• **YOUR TASK**
Look below for the line holding "(assumption | rule that)+" and the line holding "unfolding c_def by". Transcribe exactly those lines and all lines between them, nothing more.
##### DATA RECORDS
lemma dispersal_lower_bound:
  assumes i: "i \<in> {1..m}" and t: "t \<ge> 0" and c: "c \<ge> 0"
    and above: "\<And>y. y \<in> closure \<Omega> \<Longrightarrow> v i y t \<ge> - c"
  shows "integral \<Omega> (\<lambda>y. J i x y * v i y t) \<ge> - c"
proof -
  have "integral \<Omega> (\<lambda>y. - c * J i x y) \<le> integral \<Omega> (\<lambda>y. J i x y * v i y t)"
  proof (rule integral_le)
    show "(\<lambda>y. - c * J i x y) integrable_on \<Omega>"
      using integrable_cmul[OF J_integrable_on_domain[OF i], of "- c"] by simp
    show "(\<lambda>y. J i x y * v i y t) integrable_on \<Omega>" using dispersal_integrable[OF i t] .
    show "- c * J i x y \<le> J i x y * v i y t" if "y \<in> \<Omega>" for y
    proof -
      have "- c \<le> v i y t" using above that closure_subset by blast
      from mult_left_mono[OF this J_nonneg[OF i, of x y]] show ?thesis by (simp add: algebra_simps)
    qed
  qed
  moreover have "integral \<Omega> (\<lambda>y. - c * J i x y) = - c * integral \<Omega> (J i x)"
    by (rule integral_mult_right)
  moreover have "c * integral \<Omega> (J i x) \<le> c"
    using mult_left_le[OF integral_J_le_1[OF i] c] .
  ultimately show ?thesis by linarith
qed

lemma reaction_lower_bound:
  assumes i: "i \<in> {1..m}" and x: "x \<in> closure \<Omega>" and t: "t \<ge> 0" and c: "c \<ge> 0"
    and L: "\<And>k. k \<in> {1..m} \<Longrightarrow> \<bar>l i k x t\<bar> \<le> L"
    and above: "\<And>k y. k \<in> {1..m} \<Longrightarrow> y \<in> closure \<Omega> \<Longrightarrow> v k y t \<ge> - c"
    and at_min: "v i x t = - c"
  shows "d i * integral \<Omega> (\<lambda>y. J i x y * v i y t) + (\<Sum>k=1..m. l i k x t * v k x t)
           \<ge> - ((d i + real m * L) * c)"
proof -
  have dispersal: "d i * (- c) \<le> d i * integral \<Omega> (\<lambda>y. J i x y * v i y t)"
    using d_pos[OF i] dispersal_lower_bound[OF i t c above[OF i]] by (intro mult_left_mono) auto
  have "- (L * c) \<le> l i k x t * v k x t" if k: "k \<in> {1..m}" for k
  proof -
    have lL: "l i k x t * c \<le> L * c"
      using L[OF k] c by (intro mult_right_mono) (auto simp: abs_le_iff)
    show ?thesis
    proof (cases "k = i")
      case True
      then show ?thesis using lL at_min by simp
    next
      case False
      then have "0 \<le> l i k x t" using cooperative[OF i k _ x] by auto
      then have "l i k x t * (- c) \<le> l i k x t * v k x t"
        using above[OF k x] by (intro mult_left_mono)
      then show ?thesis using lL by simp
    qed
  qed
  then have "(\<Sum>k=1..m. - (L * c)) \<le> (\<Sum>k=1..m. l i k x t * v k x t)" by (rule sum_mono)
  then have coupling: "- (real m * (L * c)) \<le> (\<Sum>k=1..m. l i k x t * v k x t)" by simp
  have "- ((d i + real m * L) * c) = d i * (- c) - real m * (L * c)" by (simp add: algebra_simps)
  with dispersal coupling show ?thesis by linarith
qed

lemma reaction_plus_barrier_pos:
  assumes i: "i \<in> {1..m}" and x: "x \<in> closure \<Omega>" and t: "t \<ge> 0" and c: "c > 0"
    and L: "\<And>k. k \<in> {1..m} \<Longrightarrow> \<bar>l i k x t\<bar> \<le> L"
    and above: "\<And>k y. k \<in> {1..m} \<Longrightarrow> y \<in> closure \<Omega> \<Longrightarrow> v k y t \<ge> - c"
    and at_min: "v i x t = - c"
    and K: "d i + real m * L < K"
  shows "d i * integral \<Omega> (\<lambda>y. J i x y * v i y t) + (\<Sum>k=1..m. l i k x t * v k x t) + c * K > 0"
proof -
  have "c * (d i + real m * L) < c * K" using mult_strict_left_mono[OF K c] .
  moreover have "c * (d i + real m * L) = (d i + real m * L) * c" by simp
  ultimately show ?thesis
    using reaction_lower_bound[OF i x t less_imp_le[OF c] L above at_min] by linarith
qed

lemma v_nonneg:
  assumes i: "i \<in> {1..m}" and x: "x \<in> closure \<Omega>" and t: "t \<ge> 0"
  shows "v i x t \<ge> 0"
proof (rule ccontr)
  assume neg: "\<not> v i x t \<ge> 0"
  obtain L where L: "\<And>i k x s. i \<in> {1..m} \<Longrightarrow> k \<in> {1..m} \<Longrightarrow> x \<in> closure \<Omega> \<Longrightarrow>
      s \<in> {0..t} \<Longrightarrow> \<bar>l i k x s\<bar> \<le> L"
    using l_bounded[where b=t] by blast
  define K where "K = sum d {1..m} + real m * L + 1"
  define \<epsilon> where "\<epsilon> = - v i x t / (2 * exp (K * t))"
  define g where "g j y s = v j y s + \<epsilon> * exp (K * s)" for j y s
  have \<epsilon>: "\<epsilon> > 0" unfolding \<epsilon>_def using neg by (intro divide_pos_pos) auto
  have "\<epsilon> * exp (K * t) = - v i x t / 2" by (simp add: \<epsilon>_def)
  then have g_neg: "g i x t \<le> 0" using neg by (simp add: g_def)
  have g_cont: "continuous_on (closure \<Omega> \<times> {0..t}) (\<lambda>(y, s). g j y s)" if "j \<in> {1..m}" for j
  proof -
    have "continuous_on (closure \<Omega> \<times> {0..t}) (\<lambda>p. v j (fst p) (snd p))"
      by (rule continuous_on_subset[OF v_continuous[OF that, unfolded split_beta]]) auto
    then show ?thesis
      unfolding g_def split_beta by (rule continuous_on_add) (intro continuous_intros)
  qed
  have g_init: "g j y 0 > 0" if "j \<in> {1..m}" "y \<in> closure \<Omega>" for j y
    using u0_nonneg[OF that] v_initial[OF that] \<epsilon> by (simp add: g_def)
  have "t \<in> {0..t}" using t by simp
  obtain j y ts where j: "j \<in> {1..m}" and y: "y \<in> closure \<Omega>"
    and ts: "0 < ts" "ts \<le> t" and zero: "g j y ts = 0"
    and at_ts: "\<And>k z. k \<in> {1..m} \<Longrightarrow> z \<in> closure \<Omega> \<Longrightarrow> g k z ts \<ge> 0"
    and before: "\<And>k z s. k \<in> {1..m} \<Longrightarrow> z \<in> closure \<Omega> \<Longrightarrow> 0 \<le> s \<Longrightarrow> s < ts \<Longrightarrow>
                   g k z s > 0"
    by (rule first_zero_time[where I="{1..m}" and C="closure \<Omega>" and b=t and g=g,
          OF finite_atLeastAtMost compact_closure[THEN iffD2, OF bounded_domain]
          g_cont g_init i x \<open>t \<in> {0..t}\<close> g_neg])
      (assumption | rule that)+
  define c where "c = \<epsilon> * exp (K * ts)"
  define D where "D = d j * integral \<Omega> (\<lambda>z. J j y z * v j z ts) + (\<Sum>k=1..m. l j k y ts * v k y ts)"
  have c: "c > 0" using \<epsilon> by (simp add: c_def)
  have above: "v k z ts \<ge> - c" if "k \<in> {1..m}" "z \<in> closure \<Omega>" for k z
    using at_ts[OF that] by (simp add: g_def c_def)
  have at_min: "v j y ts = - c" using zero by (simp add: g_def c_def)
  have Lj: "\<bar>l j k y ts\<bar> \<le> L" if "k \<in> {1..m}" for k using L[OF j that y] ts by simp
  have "d j \<le> sum d {1..m}" by (rule member_le_sum[OF j]) (auto intro!: less_imp_le[OF d_pos])
  then have "d j + real m * L < K" by (simp add: K_def)
  then have D_pos: "D + c * K > 0"
    unfolding D_def using reaction_plus_barrier_pos[OF j y _ c Lj above at_min] ts by simp
  have "((\<lambda>s. \<epsilon> * exp (K * s)) has_real_derivative c * K) (at ts)"
    unfolding c_def by (auto intro!: derivative_eq_intros)
  then have "((\<lambda>s. g j y s) has_real_derivative D + c * K) (at ts)"
    unfolding g_def D_def by (rule DERIV_add[OF v_has_derivative[OF j y ts(1)]])
  then have "D + c * K \<le> 0"
    by (rule deriv_nonpos_at_first_zero[where f="g j y", OF _ ts(1) zero])
      (use before[OF j y] in auto)
  with D_pos show False by linarith
qed

definition forcing :: "nat \<Rightarrow> real^'n \<Rightarrow> real \<Rightarrow> real" where
  "forcing i x t = d i * integral \<Omega> (\<lambda>y. J i x y * v i y t) + (\<Sum>k\<in>{1..m}-{i}. l i k x t * v k x t)"

lemma dispersal_nonneg:
  assumes i: "i \<in> {1..m}" and t: "t \<ge> 0"
  shows "integral \<Omega> (\<lambda>y. J i x y * v i y t) \<ge> 0"
proof (rule integral_nonneg[OF dispersal_integrable[OF i t]])
  fix y assume "y \<in> \<Omega>"
  then have "y \<in> closure \<Omega>" using closure_subset by blast
  then show "0 \<le> J i x y * v i y t"
    by (rule mult_nonneg_nonneg[OF J_nonneg[OF i] v_nonneg[OF i _ t]])
qed

lemma coupling_nonneg:
  assumes i: "i \<in> {1..m}" and x: "x \<in> closure \<Omega>" and t: "t \<ge> 0"
  shows "(\<Sum>k\<in>{1..m}-{i}. l i k x t * v k x t) \<ge> 0"
proof (rule sum_nonneg)
  fix k assume "k \<in> {1..m} - {i}"
  then have k: "k \<in> {1..m}" "i \<noteq> k" by auto
  show "0 \<le> l i k x t * v k x t"
    by (rule mult_nonneg_nonneg[OF cooperative[OF i k x] v_nonneg[OF k(1) x t]])
qed

lemma forcing_nonneg:
  assumes i: "i \<in> {1..m}" and x: "x \<in> closure \<Omega>" and t: "t \<ge> 0"
  shows "forcing i x t \<ge> 0"
  using mult_nonneg_nonneg[OF less_imp_le[OF d_pos[OF i]] dispersal_nonneg[OF i t, of x]]
    coupling_nonneg[OF i x t]
  unfolding forcing_def by linarith

lemma exp_weighted_has_derivative:
  assumes i: "i \<in> {1..m}" and x: "x \<in> closure \<Omega>" and r: "0 < r"
  shows "((\<lambda>t. exp (L * t) * v i x t) has_real_derivative
           exp (L * r) * ((L + l i i x r) * v i x r + forcing i x r)) (at r)"
proof -
  have "((\<lambda>t. exp (L * t)) has_real_derivative exp (L * r) * L) (at r)"
    by (auto intro!: derivative_eq_intros)
  from DERIV_mult'[OF this v_has_derivative[OF i x r]]
  have "((\<lambda>t. exp (L * t) * v i x t) has_real_derivative
      exp (L * r) * (d i * integral \<Omega> (\<lambda>y. J i x y * v i y r) + (\<Sum>k=1..m. l i k x r * v k x r))
      + exp (L * r) * L * v i x r) (at r)" .
  moreover have "(\<Sum>k=1..m. l i k x r * v k x r)
      = l i i x r * v i x r + (\<Sum>k\<in>{1..m}-{i}. l i k x r * v k x r)"
    using i by (simp add: sum.remove)
  ultimately show ?thesis by (simp add: forcing_def algebra_simps)
qed

lemma exp_weighted_derivative_ge_forcing:
  assumes i: "i \<in> {1..m}" and x: "x \<in> closure \<Omega>" and r: "0 \<le> r" and L: "\<bar>l i i x r\<bar> \<le> L"
  shows "exp (L * r) * forcing i x r \<le> exp (L * r) * ((L + l i i x r) * v i x r + forcing i x r)"
proof -
  have "0 \<le> L + l i i x r" using L by (auto simp: abs_le_iff)
  then have "0 \<le> (L + l i i x r) * v i x r" using v_nonneg[OF i x r] by simp
  then show ?thesis by (simp add: mult_left_mono)
qed

lemma exp_weighted_mono:
  assumes i: "i \<in> {1..m}" and x: "x \<in> closure \<Omega>" and L: "\<And>s. s \<in> {0..b} \<Longrightarrow> \<bar>l i i x s\<bar> \<le> L"
    and pq: "0 \<le> p" "p \<le> q" "q \<le> b"
  shows "exp (L * p) * v i x p \<le> exp (L * q) * v i x q"
proof (rule DERIV_nonneg_imp_increasing_open[OF pq(2)])
  fix r assume "p < r" "r < q"
  then have r: "0 < r" "r \<in> {0..b}" using pq by auto
  have "0 \<le> exp (L * r) * forcing i x r"
    using forcing_nonneg[OF i x less_imp_le[OF r(1)]] by simp
  then show "\<exists>D. ((\<lambda>t. exp (L * t) * v i x t) has_real_derivative D) (at r) \<and> 0 \<le> D"
    using exp_weighted_has_derivative[OF i x r(1)]
      exp_weighted_derivative_ge_forcing[OF i x less_imp_le[OF r(1)] L[OF r(2)]]
    by (meson order_trans)
next
  have "continuous_on {p..q} (v i x)"
    by (rule continuous_on_subset[OF v_continuous_in_time[OF i x]]) (use pq in auto)
  then show "continuous_on {p..q} (\<lambda>t. exp (L * t) * v i x t)" by (intro continuous_intros)
qed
##########
• **REPLY**
      (assumption | rule that)+
  define c where "c = \<epsilon> * exp (K * ts)"
  define D where "D = d j * integral \<Omega> (\<lambda>z. J j y z * v j z ts) + (\<Sum>k=1..m. l j k y ts * v k y ts)"
  have c: "c > 0" using \<epsilon> by (simp add: c_def)
  have above: "v k z ts \<ge> - c" if "k \<in> {1..m}" "z \<in> closure \<Omega>" for k z
    using at_ts[OF that] by (simp add: g_def c_def)
  have at_min: "v j y ts = - c" using zero by (simp add: g_def c_def)
  have Lj: "\<bar>l j k y ts\<bar> \<le> L" if "k \<in> {1..m}" for k using L[OF j that y] ts by simp
  have "d j \<le> sum d {1..m}" by (rule member_le_sum[OF j]) (auto intro!: less_imp_le[OF d_pos])
  then have "d j + real m * L < K" by (simp add: K_def)
  then have D_pos: "D + c * K > 0"
    unfolding D_def using reaction_plus_barrier_pos[OF j y _ c Lj above at_min] ts by simp
  have "((\<lambda>s. \<epsilon> * exp (K * s)) has_real_derivative c * K) (at ts)"
    unfolding c_def by (auto intro!: derivative_eq_intros)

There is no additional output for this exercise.